TASK OBJECTIVE: Which of the lines in the listing that follows hold "shows"? Pull each one out.

[[ DATA UNDER STUDY open ]]

lemma psd_on_shifted_entry_bound:
  fixes Z Q :: "'i \<Rightarrow> 'i \<Rightarrow> real"
  assumes I: "finite I" and st: "s \<in> I" "t \<in> I" and trQ: "trace_on I Q = 0"
    and A: "psd_on I (\<lambda>s t. Z s t + e * idm s t - Q s t)" and e: "0 \<le> e" "e \<le> 1"
  shows "\<bar>Q s t\<bar> \<le> \<bar>Z s t\<bar> + 1 + 2 * (\<Sum>u\<in>I. \<bar>Z u u\<bar> + 1)"
proof -
  define W where "W = (\<Sum>u\<in>I. \<bar>Z u u\<bar> + 1)"
  let ?A = "\<lambda>s t. Z s t + e * idm s t - Q s t"
  have W: "\<bar>Z u u\<bar> + 1 \<le> W" if "u \<in> I" for u
    unfolding W_def using I that by (intro member_le_sum) auto
  have A_diag: "0 \<le> Z u u + e - Q u u" if "u \<in> I" for u
    using psd_on_diag_nonneg[OF I that A] by (simp add: idm_def)
  then have Q_upper: "Q u u \<le> \<bar>Z u u\<bar> + 1" if "u \<in> I" for u
    using that e by fastforce
  have Q_lower: "- W \<le> Q u u" if u: "u \<in> I" for u
  proof -
    have "0 = Q u u + (\<Sum>v\<in>I - {u}. Q v v)"
      using trQ sum.remove[OF I u, of "\<lambda>v. Q v v"] by (simp add: trace_on_def)
    moreover have "(\<Sum>v\<in>I - {u}. Q v v) \<le> (\<Sum>v\<in>I - {u}. \<bar>Z v v\<bar> + 1)"
      using Q_upper by (intro sum_mono) auto
    moreover have "(\<Sum>v\<in>I - {u}. \<bar>Z v v\<bar> + 1) \<le> W"
      unfolding W_def using I by (intro sum_mono2) auto
    ultimately show ?thesis by linarith
  qed
  have A_bound: "?A u u \<le> 2 * W" if u: "u \<in> I" for u
    using Q_lower[OF u] W[OF u] e by (simp add: idm_def)
  have "(?A s t)\<^sup>2 \<le> ?A s s * ?A t t" by (rule psd_on_entry_bound[OF I st A])
  also have "\<dots> \<le> (2 * W) * (2 * W)"
    using A_bound st A_diag W[OF st(1)] by (intro mult_mono) (auto simp: idm_def)
  finally have "(?A s t)\<^sup>2 \<le> (2 * W)\<^sup>2" by (simp add: power2_eq_square)
  then have "\<bar>?A s t\<bar> \<le> 2 * W"
    using W[OF st(1)] power2_le_iff_abs_le[of "2 * W" "?A s t"] by linarith
  moreover have "\<bar>e * idm s t\<bar> \<le> 1" using e by (simp add: idm_def)
  ultimately show ?thesis unfolding W_def[symmetric] by linarith
qed

lemma quad_form_extend_zero:
  assumes "finite I" "F \<subseteq> I"
  shows "quad_form I A (\<lambda>s. if s \<in> F then x s else 0) = quad_form F A x"
proof -
  have "quad_form I A (\<lambda>s. if s \<in> F then x s else 0)
      = (\<Sum>s\<in>I. if s \<in> F then (\<Sum>t\<in>I. if t \<in> F then x s * A s t * x t else 0) else 0)"
    unfolding quad_form_def by (auto intro!: sum.cong)
  then show ?thesis
    using assms by (simp add: sum.inter_restrict[symmetric] Int_absorb1 quad_form_def)
qed

lemma psd_on_subset: "finite I \<Longrightarrow> F \<subseteq> I \<Longrightarrow> psd_on I A \<Longrightarrow> psd_on F A"
  unfolding psd_on_iff_quad_form msym_on_def
  by (metis quad_form_extend_zero subsetD)

lemma psd_on_gram: "psd_on I (\<lambda>s t. \<Sum>i\<in>K. S i s * S i t)"
  unfolding psd_on_iff_quad_form msym_on_def
  by (simp add: quad_form_sum quad_form_rank_one sum_nonneg mult.commute)

text \<open>One step of a Cholesky factorisation: splitting off the rank-one part carried by row \<open>p\<close>.\<close>
lemma psd_on_deflate:
  assumes I: "finite I" "p \<in> I" and A: "psd_on I A"
  defines "v \<equiv> \<lambda>t. if A p p = 0 then 0 else A p t / sqrt (A p p)"
  shows "psd_on I (\<lambda>s t. A s t - v s * v t)"
    and "\<And>t. t \<in> I \<Longrightarrow> v p * v t = A p t"
proof -
  have App: "0 \<le> A p p" by (rule psd_on_diag_nonneg[OF I A])
  have "(\<Sum>s\<in>I. x s * v s)\<^sup>2 \<le> quad_form I A x" for x
  proof (cases "A p p = 0")
    case True
    then show ?thesis using psd_on_imp_quad_form_nonneg[OF A] by (simp add: v_def)
  next
    case False
    then have "(\<Sum>s\<in>I. x s * v s)\<^sup>2 = (\<Sum>t\<in>I. A p t * x t)\<^sup>2 / A p p"
      using App by (simp add: v_def sum_divide_distrib[symmetric] power_divide mult.commute)
    also have "\<dots> \<le> quad_form I A x"
      using psd_on_row_bound[OF I A, of x] App False by (simp add: divide_le_eq mult.commute)
    finally show ?thesis .
  qed
  moreover have "msym_on I (\<lambda>s t. A s t - v s * v t)"
    using psd_on_imp_msym_on[OF A] by (simp add: msym_on_def mult.commute)
  ultimately show "psd_on I (\<lambda>s t. A s t - v s * v t)"
    by (simp add: psd_on_iff_quad_form quad_form_diff quad_form_rank_one)
  fix t assume t: "t \<in> I"
  show "v p * v t = A p t"
  proof (cases "A p p = 0")
    case True
    then have "(A p t)\<^sup>2 \<le> 0" using psd_on_entry_bound[OF I(1,2) t A] by simp
    then show ?thesis using True by (simp add: v_def)
  next
    case False
    then show ?thesis using App by (simp add: v_def)
  qed
qed

lemma psd_on_gram_factor:
  assumes "finite I" "psd_on I A"
  shows "\<exists>(m::nat) S. \<forall>s\<in>I. \<forall>t\<in>I. A s t = (\<Sum>i<m. S i s * S i t)"
  using assms
proof (induction I arbitrary: A rule: finite_induct)
  case empty
  then show ?case by simp
next
  case (insert p F)
  let ?J = "insert p F"
  define v where "v t = (if A p p = 0 then 0 else A p t / sqrt (A p p))" for t
  have finJ: "finite ?J" "p \<in> ?J" using insert.hyps by auto
  note deflate = psd_on_deflate[OF finJ insert.prems, folded v_def]
  have "psd_on F (\<lambda>s t. A s t - v s * v t)"
    using psd_on_subset[OF finJ(1) _ deflate(1)] by blast
  from insert.IH[OF this]
  obtain m :: nat and S where S: "\<forall>s\<in>F. \<forall>t\<in>F. A s t - v s * v t = (\<Sum>i<m. S i s * S i t)"
    by blast
  define S' where "S' i s = (if i < m then (if s = p then 0 else S i s) else v s)" for i s
  have "A s t = (\<Sum>i<Suc m. S' i s * S' i t)" if st: "s \<in> ?J" "t \<in> ?J" for s t
  proof -
    have S'_sum: "(\<Sum>i<Suc m. S' i s * S' i t)
        = (\<Sum>i<m. (if s = p then 0 else S i s) * (if t = p then 0 else S i t)) + v s * v t"
      unfolding S'_def by simp
    consider "s = p" | "t = p" "s \<noteq> p" | "s \<in> F" "t \<in> F" "s \<noteq> p" "t \<noteq> p"
      using st by auto
    then show ?thesis
    proof cases
      case 1
      then show ?thesis using S'_sum deflate(2)[OF st(2)] by simp
    next
      case 2
      have "A s p = A p s"
        using psd_on_imp_msym_on[OF insert.prems] st unfolding msym_on_def by auto
      then show ?thesis using 2 S'_sum deflate(2)[OF st(1)] by (simp add: mult.commute)
    next
      case 3
      then show ?thesis using S'_sum S by force
    qed
  qed
  then show ?case by blast
qed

[[ DATA UNDER STUDY closed ]]

ANSWER SPACE:
  shows "\<bar>Q s t\<bar> \<le> \<bar>Z s t\<bar> + 1 + 2 * (\<Sum>u\<in>I. \<bar>Z u u\<bar> + 1)"
  shows "quad_form I A (\<lambda>s. if s \<in> F then x s else 0) = quad_form F A x"
  shows "psd_on I (\<lambda>s t. A s t - v s * v t)"
  shows "\<exists>(m::nat) S. \<forall>s\<in>I. \<forall>t\<in>I. A s t = (\<Sum>i<m. S i s * S i t)"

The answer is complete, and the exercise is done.